Task: Among the lines of the data, copy those that hold "rceil".

==== Dataset records

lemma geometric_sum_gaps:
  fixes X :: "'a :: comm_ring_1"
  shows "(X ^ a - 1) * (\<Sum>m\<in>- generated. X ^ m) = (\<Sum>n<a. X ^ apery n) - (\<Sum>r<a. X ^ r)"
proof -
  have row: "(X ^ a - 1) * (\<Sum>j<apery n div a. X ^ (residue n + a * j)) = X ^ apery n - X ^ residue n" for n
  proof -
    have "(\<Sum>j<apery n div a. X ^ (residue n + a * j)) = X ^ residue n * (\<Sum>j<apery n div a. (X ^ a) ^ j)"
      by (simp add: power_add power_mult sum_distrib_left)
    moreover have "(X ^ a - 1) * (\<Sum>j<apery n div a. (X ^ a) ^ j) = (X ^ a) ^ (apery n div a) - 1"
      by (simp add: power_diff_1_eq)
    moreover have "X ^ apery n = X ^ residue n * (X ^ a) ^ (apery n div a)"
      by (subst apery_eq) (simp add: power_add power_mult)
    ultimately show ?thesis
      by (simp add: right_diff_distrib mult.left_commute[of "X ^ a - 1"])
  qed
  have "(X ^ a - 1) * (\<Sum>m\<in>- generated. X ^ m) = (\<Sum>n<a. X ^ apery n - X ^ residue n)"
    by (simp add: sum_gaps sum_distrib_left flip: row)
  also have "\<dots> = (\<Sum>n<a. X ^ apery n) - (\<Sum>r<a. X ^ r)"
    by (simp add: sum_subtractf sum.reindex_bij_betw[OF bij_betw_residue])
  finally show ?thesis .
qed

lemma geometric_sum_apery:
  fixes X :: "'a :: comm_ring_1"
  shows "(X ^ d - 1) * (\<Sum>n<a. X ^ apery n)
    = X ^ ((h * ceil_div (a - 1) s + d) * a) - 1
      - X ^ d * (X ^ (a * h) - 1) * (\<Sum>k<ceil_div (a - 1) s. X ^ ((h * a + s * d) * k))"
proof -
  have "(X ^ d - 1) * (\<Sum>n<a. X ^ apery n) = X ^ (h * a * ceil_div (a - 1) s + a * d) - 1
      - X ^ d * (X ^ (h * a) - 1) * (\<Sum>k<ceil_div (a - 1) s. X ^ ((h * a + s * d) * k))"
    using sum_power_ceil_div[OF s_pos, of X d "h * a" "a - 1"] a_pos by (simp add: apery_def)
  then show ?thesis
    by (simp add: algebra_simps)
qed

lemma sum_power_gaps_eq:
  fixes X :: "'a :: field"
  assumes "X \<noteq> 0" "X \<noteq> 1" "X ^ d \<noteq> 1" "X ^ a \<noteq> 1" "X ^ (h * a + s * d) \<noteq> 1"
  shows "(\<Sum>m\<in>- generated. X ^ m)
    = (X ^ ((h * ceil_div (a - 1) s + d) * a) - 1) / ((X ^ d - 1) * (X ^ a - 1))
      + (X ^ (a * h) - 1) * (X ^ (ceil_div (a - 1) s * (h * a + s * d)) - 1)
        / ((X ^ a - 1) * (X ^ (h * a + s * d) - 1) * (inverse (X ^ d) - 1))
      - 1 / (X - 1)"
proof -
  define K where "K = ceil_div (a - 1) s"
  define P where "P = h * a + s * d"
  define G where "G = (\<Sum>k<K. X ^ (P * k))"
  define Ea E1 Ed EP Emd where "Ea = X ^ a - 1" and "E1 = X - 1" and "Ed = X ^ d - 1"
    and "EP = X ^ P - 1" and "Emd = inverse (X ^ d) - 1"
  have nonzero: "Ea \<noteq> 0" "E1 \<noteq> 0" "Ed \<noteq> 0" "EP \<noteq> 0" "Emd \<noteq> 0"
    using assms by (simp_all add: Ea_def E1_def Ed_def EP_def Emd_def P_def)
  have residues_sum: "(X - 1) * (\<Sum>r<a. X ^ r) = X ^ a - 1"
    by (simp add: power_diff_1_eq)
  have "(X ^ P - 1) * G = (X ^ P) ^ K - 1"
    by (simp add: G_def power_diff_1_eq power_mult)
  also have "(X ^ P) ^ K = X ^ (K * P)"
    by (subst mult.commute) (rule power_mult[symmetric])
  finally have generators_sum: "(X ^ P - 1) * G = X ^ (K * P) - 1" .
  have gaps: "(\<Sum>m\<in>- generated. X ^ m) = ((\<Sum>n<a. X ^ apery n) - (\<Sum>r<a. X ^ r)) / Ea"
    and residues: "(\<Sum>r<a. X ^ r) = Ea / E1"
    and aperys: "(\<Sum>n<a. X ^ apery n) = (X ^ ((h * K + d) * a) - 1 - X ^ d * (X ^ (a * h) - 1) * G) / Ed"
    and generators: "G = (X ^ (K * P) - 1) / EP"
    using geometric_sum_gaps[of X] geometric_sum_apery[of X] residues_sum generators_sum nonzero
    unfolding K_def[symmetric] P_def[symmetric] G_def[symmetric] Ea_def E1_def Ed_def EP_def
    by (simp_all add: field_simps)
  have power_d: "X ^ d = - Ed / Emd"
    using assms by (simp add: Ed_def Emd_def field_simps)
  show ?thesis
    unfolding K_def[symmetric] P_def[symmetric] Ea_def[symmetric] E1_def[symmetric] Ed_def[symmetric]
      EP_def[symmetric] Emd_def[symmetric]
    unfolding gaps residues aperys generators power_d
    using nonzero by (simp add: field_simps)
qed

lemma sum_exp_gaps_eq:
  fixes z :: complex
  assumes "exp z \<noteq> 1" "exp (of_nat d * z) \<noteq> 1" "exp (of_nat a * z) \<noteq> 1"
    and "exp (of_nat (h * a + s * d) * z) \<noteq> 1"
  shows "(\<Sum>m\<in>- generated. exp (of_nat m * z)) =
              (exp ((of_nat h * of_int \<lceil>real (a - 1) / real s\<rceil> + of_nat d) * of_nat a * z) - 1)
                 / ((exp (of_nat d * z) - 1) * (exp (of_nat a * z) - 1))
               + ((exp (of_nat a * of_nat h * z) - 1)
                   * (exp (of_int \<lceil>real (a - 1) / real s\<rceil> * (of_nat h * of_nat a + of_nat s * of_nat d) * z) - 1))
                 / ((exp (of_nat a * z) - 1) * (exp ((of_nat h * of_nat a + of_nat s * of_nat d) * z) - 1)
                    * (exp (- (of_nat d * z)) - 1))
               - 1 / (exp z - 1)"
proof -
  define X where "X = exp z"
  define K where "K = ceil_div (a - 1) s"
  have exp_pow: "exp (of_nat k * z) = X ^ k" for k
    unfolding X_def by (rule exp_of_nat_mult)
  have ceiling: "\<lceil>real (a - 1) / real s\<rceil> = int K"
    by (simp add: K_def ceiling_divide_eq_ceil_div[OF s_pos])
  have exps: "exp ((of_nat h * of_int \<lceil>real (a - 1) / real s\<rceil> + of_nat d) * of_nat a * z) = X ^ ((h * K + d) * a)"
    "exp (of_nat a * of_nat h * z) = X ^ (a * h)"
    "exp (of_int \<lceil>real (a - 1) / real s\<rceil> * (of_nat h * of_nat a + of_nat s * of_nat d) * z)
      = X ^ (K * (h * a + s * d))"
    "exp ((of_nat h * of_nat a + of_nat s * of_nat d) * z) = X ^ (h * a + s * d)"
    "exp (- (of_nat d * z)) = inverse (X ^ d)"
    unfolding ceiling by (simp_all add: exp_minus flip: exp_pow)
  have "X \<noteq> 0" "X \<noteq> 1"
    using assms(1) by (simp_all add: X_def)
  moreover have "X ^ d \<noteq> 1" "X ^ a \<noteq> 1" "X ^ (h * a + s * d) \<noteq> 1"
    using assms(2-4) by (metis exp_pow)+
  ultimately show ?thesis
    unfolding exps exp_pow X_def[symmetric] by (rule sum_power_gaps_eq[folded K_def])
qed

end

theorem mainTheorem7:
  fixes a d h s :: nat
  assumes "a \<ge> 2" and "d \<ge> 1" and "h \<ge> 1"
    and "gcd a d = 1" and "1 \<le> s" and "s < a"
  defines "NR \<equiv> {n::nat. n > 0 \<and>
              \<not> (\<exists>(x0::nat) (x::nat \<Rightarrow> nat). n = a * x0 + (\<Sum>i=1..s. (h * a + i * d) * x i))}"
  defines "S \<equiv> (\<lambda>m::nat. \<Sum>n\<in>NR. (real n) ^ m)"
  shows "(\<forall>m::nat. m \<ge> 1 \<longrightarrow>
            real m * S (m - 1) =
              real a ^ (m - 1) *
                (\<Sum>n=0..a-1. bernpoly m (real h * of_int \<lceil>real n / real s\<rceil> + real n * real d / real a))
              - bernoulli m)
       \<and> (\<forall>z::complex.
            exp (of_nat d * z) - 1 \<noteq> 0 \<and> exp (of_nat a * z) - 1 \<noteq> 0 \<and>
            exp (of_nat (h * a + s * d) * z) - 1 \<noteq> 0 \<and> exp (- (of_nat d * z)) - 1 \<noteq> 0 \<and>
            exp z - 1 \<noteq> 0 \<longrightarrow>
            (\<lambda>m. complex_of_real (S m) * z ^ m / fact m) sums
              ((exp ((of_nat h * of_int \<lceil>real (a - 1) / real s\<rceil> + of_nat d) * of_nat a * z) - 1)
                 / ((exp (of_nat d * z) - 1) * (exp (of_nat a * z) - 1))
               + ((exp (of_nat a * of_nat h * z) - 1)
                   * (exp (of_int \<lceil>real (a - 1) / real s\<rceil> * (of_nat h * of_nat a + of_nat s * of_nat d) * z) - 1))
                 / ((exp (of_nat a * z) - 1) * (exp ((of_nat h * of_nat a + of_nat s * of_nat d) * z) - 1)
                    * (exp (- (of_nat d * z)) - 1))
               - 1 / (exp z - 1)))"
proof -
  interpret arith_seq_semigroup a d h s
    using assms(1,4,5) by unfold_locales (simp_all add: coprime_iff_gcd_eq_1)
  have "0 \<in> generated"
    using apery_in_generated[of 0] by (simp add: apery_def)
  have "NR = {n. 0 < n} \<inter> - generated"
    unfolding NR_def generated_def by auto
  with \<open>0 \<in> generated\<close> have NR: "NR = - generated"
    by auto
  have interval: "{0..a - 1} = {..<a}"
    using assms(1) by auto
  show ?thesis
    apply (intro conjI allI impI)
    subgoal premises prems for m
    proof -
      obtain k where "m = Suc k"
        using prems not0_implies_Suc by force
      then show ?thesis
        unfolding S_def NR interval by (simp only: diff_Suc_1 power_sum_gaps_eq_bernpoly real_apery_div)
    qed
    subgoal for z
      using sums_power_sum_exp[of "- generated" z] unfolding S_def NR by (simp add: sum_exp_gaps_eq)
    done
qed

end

========
==== Dataset records

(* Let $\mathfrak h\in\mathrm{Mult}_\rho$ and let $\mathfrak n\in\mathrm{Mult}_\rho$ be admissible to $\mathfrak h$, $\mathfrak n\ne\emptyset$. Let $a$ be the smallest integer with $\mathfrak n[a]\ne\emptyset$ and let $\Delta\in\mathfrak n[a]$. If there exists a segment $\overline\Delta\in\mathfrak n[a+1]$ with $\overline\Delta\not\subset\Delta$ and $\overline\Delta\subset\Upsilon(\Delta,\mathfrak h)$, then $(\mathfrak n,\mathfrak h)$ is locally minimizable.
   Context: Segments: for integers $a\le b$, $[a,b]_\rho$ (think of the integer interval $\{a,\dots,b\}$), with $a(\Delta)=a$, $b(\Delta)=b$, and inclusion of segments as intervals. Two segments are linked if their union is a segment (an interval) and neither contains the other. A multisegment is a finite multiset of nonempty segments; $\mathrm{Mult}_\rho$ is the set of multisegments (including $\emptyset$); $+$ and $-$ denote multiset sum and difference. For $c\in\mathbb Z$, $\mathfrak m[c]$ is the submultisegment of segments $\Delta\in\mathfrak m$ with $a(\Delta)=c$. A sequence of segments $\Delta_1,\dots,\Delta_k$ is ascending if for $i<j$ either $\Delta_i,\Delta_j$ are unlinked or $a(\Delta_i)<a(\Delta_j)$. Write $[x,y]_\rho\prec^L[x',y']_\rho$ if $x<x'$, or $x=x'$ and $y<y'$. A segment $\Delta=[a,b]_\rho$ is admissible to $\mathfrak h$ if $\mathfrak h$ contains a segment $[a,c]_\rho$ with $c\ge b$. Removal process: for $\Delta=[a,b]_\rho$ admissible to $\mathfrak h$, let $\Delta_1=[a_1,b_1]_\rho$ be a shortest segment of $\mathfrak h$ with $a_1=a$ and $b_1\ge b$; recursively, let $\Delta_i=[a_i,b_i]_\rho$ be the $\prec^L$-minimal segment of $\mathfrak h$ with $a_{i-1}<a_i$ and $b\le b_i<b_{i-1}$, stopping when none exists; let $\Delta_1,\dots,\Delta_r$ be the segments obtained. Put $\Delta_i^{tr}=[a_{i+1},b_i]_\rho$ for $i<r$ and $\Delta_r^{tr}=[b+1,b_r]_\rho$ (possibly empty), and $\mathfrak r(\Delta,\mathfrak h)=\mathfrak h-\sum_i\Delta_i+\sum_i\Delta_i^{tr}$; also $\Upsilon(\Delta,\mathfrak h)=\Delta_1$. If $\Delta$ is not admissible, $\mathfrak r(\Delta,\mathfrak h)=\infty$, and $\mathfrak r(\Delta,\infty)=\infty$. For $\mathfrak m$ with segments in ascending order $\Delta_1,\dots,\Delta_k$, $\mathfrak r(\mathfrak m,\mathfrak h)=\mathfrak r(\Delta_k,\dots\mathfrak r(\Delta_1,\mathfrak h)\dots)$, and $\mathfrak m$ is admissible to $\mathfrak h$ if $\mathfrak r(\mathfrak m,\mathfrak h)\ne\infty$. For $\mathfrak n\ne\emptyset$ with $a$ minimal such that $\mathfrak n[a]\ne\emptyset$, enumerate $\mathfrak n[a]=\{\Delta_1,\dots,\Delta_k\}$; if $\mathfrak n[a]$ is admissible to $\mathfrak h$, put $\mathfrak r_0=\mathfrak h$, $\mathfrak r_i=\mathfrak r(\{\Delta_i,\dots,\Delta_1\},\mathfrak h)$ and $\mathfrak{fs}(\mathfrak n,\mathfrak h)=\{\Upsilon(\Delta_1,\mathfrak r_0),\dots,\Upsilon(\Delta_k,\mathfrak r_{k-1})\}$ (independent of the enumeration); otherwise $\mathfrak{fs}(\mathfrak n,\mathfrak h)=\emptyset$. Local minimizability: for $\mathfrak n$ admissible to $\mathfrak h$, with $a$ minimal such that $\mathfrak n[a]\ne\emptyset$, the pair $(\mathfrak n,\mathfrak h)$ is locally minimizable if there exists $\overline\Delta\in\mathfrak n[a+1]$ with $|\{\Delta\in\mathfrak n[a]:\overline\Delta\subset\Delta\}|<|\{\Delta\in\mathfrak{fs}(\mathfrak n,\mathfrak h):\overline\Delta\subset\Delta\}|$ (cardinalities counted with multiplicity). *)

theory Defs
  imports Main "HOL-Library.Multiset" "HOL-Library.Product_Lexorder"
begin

========

Result:
              (exp ((of_nat h * of_int \<lceil>real (a - 1) / real s\<rceil> + of_nat d) * of_nat a * z) - 1)
                   * (exp (of_int \<lceil>real (a - 1) / real s\<rceil> * (of_nat h * of_nat a + of_nat s * of_nat d) * z) - 1))
  have ceiling: "\<lceil>real (a - 1) / real s\<rceil> = int K"
  have exps: "exp ((of_nat h * of_int \<lceil>real (a - 1) / real s\<rceil> + of_nat d) * of_nat a * z) = X ^ ((h * K + d) * a)"
    "exp (of_int \<lceil>real (a - 1) / real s\<rceil> * (of_nat h * of_nat a + of_nat s * of_nat d) * z)
                (\<Sum>n=0..a-1. bernpoly m (real h * of_int \<lceil>real n / real s\<rceil> + real n * real d / real a))
              ((exp ((of_nat h * of_int \<lceil>real (a - 1) / real s\<rceil> + of_nat d) * of_nat a * z) - 1)
                   * (exp (of_int \<lceil>real (a - 1) / real s\<rceil> * (of_nat h * of_nat a + of_nat s * of_nat d) * z) - 1))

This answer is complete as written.